Nu, achttien jaar later, staan er aan het Wilhelminaplein en het
Zaailand maar liefst drie kloeke gebouwen, waarin ongeveer driemaal
zoveel mensen aan de rechtspraak werken als in 1984. Die groei staat
in geen enkele verhouding tot de ontwikkeling van de
bevolkingsaantallen in Fryslân, maar weerspiegelt het geïntensiveerde
en nog altijd sterk groeiende beroep dat de samenleving op de
rechtspraak doet. De rechtbank speelt daar op in door nieuwe
organisatievormen in praktijk te brengen, die passen bij de huidige
schaalverhoudingen en bij de nieuwe zakelijkheid, die onder meer tot
uitdrukking komt in een ons opgelegde budgettaire discipline. De groei
moet voorlopig doorgaan, willen we met dezelfde inzet en kwaliteit het
zaaksaanbod aankunnen. Het aanbod van strafzaken zal de komende jaren
naar verwachting nog sterk blijven toenemen. De groei van het
zaaksaanbod is het gevolg van ingrijpende maatschappelijke
veranderingen, die ons voor nog onopgeloste problemen hebben gesteld.
In de afgelopen tientallen jaren is de criminaliteit sterk gestegen.
Maar met die sterke stijging van het aantal geregistreerde delicten
heeft het percentage opgehelderde zaken geen gelijke tred gehouden.
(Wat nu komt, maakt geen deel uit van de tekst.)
lemma measure_Delta_gt_le_deviation:
  fixes G :: "('x::metric_space \<times> 'y::metric_space) measure" and mh :: "'s \<Rightarrow> 't \<Rightarrow> 'x \<Rightarrow> 'y"
  assumes S: "finite_measure S" and Q: "prob_space Q" and G: "prob_space G"
    and m_meas: "(\<lambda>z. dist (snd z) (m (fst z))) \<in> borel_measurable G"
    and W_meas: "(\<lambda>(l, \<theta>, z). dist (snd z) (mh l \<theta> (fst z))) \<in> borel_measurable (S \<Otimes>\<^sub>M (Q \<Otimes>\<^sub>M G))"
    and D_meas: "(\<lambda>(l, \<theta>, z). dist (m (fst z)) (mh l \<theta> (fst z))) \<in> borel_measurable (S \<Otimes>\<^sub>M (Q \<Otimes>\<^sub>M G))"
    and modulus: "\<And>s. F_R G m (s + d) - F_R G m (s - d) \<le> e"
    and "\<delta> < d" "0 \<le> d" "e < \<epsilon>"
  shows "measure S {l \<in> space S. \<epsilon> < Delta Q G m (mh l)}
    \<le> measure (S \<Otimes>\<^sub>M (Q \<Otimes>\<^sub>M G))
        {(l, \<theta>, z) \<in> space (S \<Otimes>\<^sub>M (Q \<Otimes>\<^sub>M G)). \<delta> < dist (m (fst z)) (mh l \<theta> (fst z))} / (\<epsilon> - e)"
proof -
  interpret QG: prob_space "Q \<Otimes>\<^sub>M G"
    using Q G by (rule prob_space_pair)
  define far where
    "far = {(l, \<theta>, z) \<in> space (S \<Otimes>\<^sub>M (Q \<Otimes>\<^sub>M G)). \<delta> < dist (m (fst z)) (mh l \<theta> (fst z))}"
  have "far = {x \<in> space (S \<Otimes>\<^sub>M (Q \<Otimes>\<^sub>M G)).
      \<delta> < (\<lambda>(l, \<theta>, z). dist (m (fst z)) (mh l \<theta> (fst z))) x}"
    unfolding far_def by auto
  also have "\<dots> \<in> sets (S \<Otimes>\<^sub>M (Q \<Otimes>\<^sub>M G))"
    using D_meas by measurable
  finally have far_sets: "far \<in> sets (S \<Otimes>\<^sub>M (Q \<Otimes>\<^sub>M G))" .
  have "Delta Q G m (mh l) \<le> e + measure (Q \<Otimes>\<^sub>M G) (Pair l -` far)" if l: "l \<in> space S" for l
  proof -
    have "Pair l -` far
        = {(\<theta>, z) \<in> space (Q \<Otimes>\<^sub>M G). \<delta> < dist (m (fst z)) (mh l \<theta> (fst z))}"
      using l by (auto simp: far_def space_pair_measure)
    moreover have "(\<lambda>(\<theta>, z). dist (snd z) (mh l \<theta> (fst z))) \<in> borel_measurable (Q \<Otimes>\<^sub>M G)"
      using measurable_Pair2[OF W_meas l] by (simp add: split_beta')
    moreover have "(\<lambda>(\<theta>, z). dist (m (fst z)) (mh l \<theta> (fst z))) \<in> borel_measurable (Q \<Otimes>\<^sub>M G)"
      using measurable_Pair2[OF D_meas l] by (simp add: split_beta')
    ultimately show ?thesis
      using Delta_le_modulus_plus_deviation[OF Q G m_meas _ _ modulus \<open>\<delta> < d\<close> \<open>0 \<le> d\<close>] by simp
  qed
  then show ?thesis
    unfolding far_def[symmetric] using \<open>e < \<epsilon>\<close>
    by (intro measure_le_sections_Markov[OF S QG.finite_measure_axioms far_sets]) force+
qed

theorem lemma2:
  fixes G :: "('x::metric_space \<times> 'y::metric_space) measure"
    and K :: "'x \<Rightarrow> 'y measure"
    and m :: "'x \<Rightarrow> 'y"
    and Q :: "nat \<Rightarrow> 't measure"
    and mhat :: "nat \<Rightarrow> (nat \<Rightarrow> 'x \<times> 'y) \<Rightarrow> 't \<Rightarrow> 'x \<Rightarrow> 'y"
  assumes G: "prob_space G" "sets G = sets (borel \<Otimes>\<^sub>M borel)"
    and Q: "\<And>n. prob_space (Q n)"
    and K_kernel: "K \<in> measurable (X_law G) (prob_algebra borel)"
    and K_disint: "\<And>A. A \<in> sets G \<Longrightarrow>
                     emeasure G A = (\<integral>\<^sup>+ x. emeasure (K x) (Pair x -` A) \<partial>X_law G)"
    and frechet_mean: "AE x in X_law G. \<forall>y. y \<noteq> m x \<longrightarrow> frechet_fun K x (m x) < frechet_fun K x y"
    and m_meas: "(\<lambda>z. dist (snd z) (m (fst z))) \<in> borel_measurable G"
    and mhat_meas: "\<And>n. (\<lambda>(l, \<theta>, z). dist (snd z) (mhat n l \<theta> (fst z)))
                       \<in> borel_measurable (joint_law n G (Q n))"
    and mhat_meas2: "\<And>n. (\<lambda>(l, \<theta>, z). dist (m (fst z)) (mhat n l \<theta> (fst z)))
                       \<in> borel_measurable (joint_law n G (Q n))"
    and F_cont: "continuous_on UNIV (F_R G m)"
    and consistent: "\<And>\<epsilon>. \<epsilon> > 0 \<Longrightarrow>
        (\<lambda>n. measure (joint_law n G (Q n))
           {(l, \<theta>, z) \<in> space (joint_law n G (Q n)). dist (m (fst z)) (mhat n l \<theta> (fst z)) > \<epsilon>})
        \<longlonglongrightarrow> 0"
  shows "\<And>\<epsilon>. \<epsilon> > 0 \<Longrightarrow>
        (\<lambda>n. measure (sample_law n G)
           {l \<in> space (sample_law n G). Delta (Q n) G m (mhat n l) > \<epsilon>}) \<longlonglongrightarrow> 0"
proof -
  fix \<epsilon> :: real assume "\<epsilon> > 0"
  have "uniformly_continuous_on UNIV (F_R G m)"
    using F_R_mono[OF G(1) m_meas] F_R_bounded[OF G(1)] F_cont
    by (rule mono_bounded_continuous_imp_uniformly_continuous)
  then obtain d where "d > 0" and modulus: "\<And>s. F_R G m (s + d) - F_R G m (s - d) \<le> \<epsilon> / 2"
    by (rule uniformly_continuous_on_UNIV_increment_le[where e = "\<epsilon> / 2"]) (use \<open>\<epsilon> > 0\<close> in auto)
  have bound: "measure (sample_law n G) {l \<in> space (sample_law n G). Delta (Q n) G m (mhat n l) > \<epsilon>}
      \<le> measure (joint_law n G (Q n)) {(l, \<theta>, z) \<in> space (joint_law n G (Q n)).
           dist (m (fst z)) (mhat n l \<theta> (fst z)) > d / 2} / (\<epsilon> - \<epsilon> / 2)" for n
    unfolding joint_law_def
    by (rule measure_Delta_gt_le_deviation[OF prob_space.finite_measure[OF prob_space_sample_law[OF G(1)]]
          Q G(1) m_meas mhat_meas[of n, unfolded joint_law_def] mhat_meas2[of n, unfolded joint_law_def]
          modulus])
      (use \<open>d > 0\<close> \<open>\<epsilon> > 0\<close> in auto)
  have lim: "(\<lambda>n. measure (joint_law n G (Q n)) {(l, \<theta>, z) \<in> space (joint_law n G (Q n)).
      dist (m (fst z)) (mhat n l \<theta> (fst z)) > d / 2} / (\<epsilon> - \<epsilon> / 2)) \<longlonglongrightarrow> 0"
    using \<open>d > 0\<close> by (intro tendsto_divide_zero consistent) simp
  show "(\<lambda>n. measure (sample_law n G)
      {l \<in> space (sample_law n G). Delta (Q n) G m (mhat n l) > \<epsilon>}) \<longlonglongrightarrow> 0"
    by (rule tendsto_sandwich[OF always_eventually always_eventually tendsto_const lim])
      (simp, intro allI bound)
qed

end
Een enkel cijfer verduidelijkt dit beeld: Vanaf 1960 is er sprake van
een vertienvoudiging van de geregistreerde criminaliteit.
Daartegenover staat 'slechts' ruim een verdrievoudiging van de
opgelegde sancties, inclusief OM-transacties. De toepassing van het
strafrecht is dus weliswaar driemaal zo intensief geworden, maar de
groei van het aantal sancties is desondanks sterk achtergebleven bij
de enorme stijging van de criminaliteitscijfers. Wetenschappers
schatten op basis van enquêtes dat in 1999 in Nederland waarschijnlijk
4,8 miljoen misdrijven zijn gepleegd. Daarvan heeft de politie nog
geen 5 % opgelost, ook omdat van de meeste feiten niet eens aangifte
werd gedaan. Er waren naar schatting 980.000 geweldsincidenten,
waarvan er maar 86.000 ter kennis van de politie werden gebracht. Die
miljoenen misdrijven komen niet zo maar uit de lucht vallen. Ze zijn
in belangrijke mate het gevolg van het vrijheidsgevoel van de burger,
dat de laatste decennia zo groot is geworden dat veel mensen zich niet
of nauwelijks meer gebonden achten aan regels en zelfdiscipline uit de
mode is geraakt.
Ik vind dit onthutsende getallen. Ik denk dat wij er geen genoegen mee
moeten nemen dat dit zo blijft. Veel te veel misdrijven worden niet
bestraft. Wat willen wij daar in de komende jaren tegenover stellen?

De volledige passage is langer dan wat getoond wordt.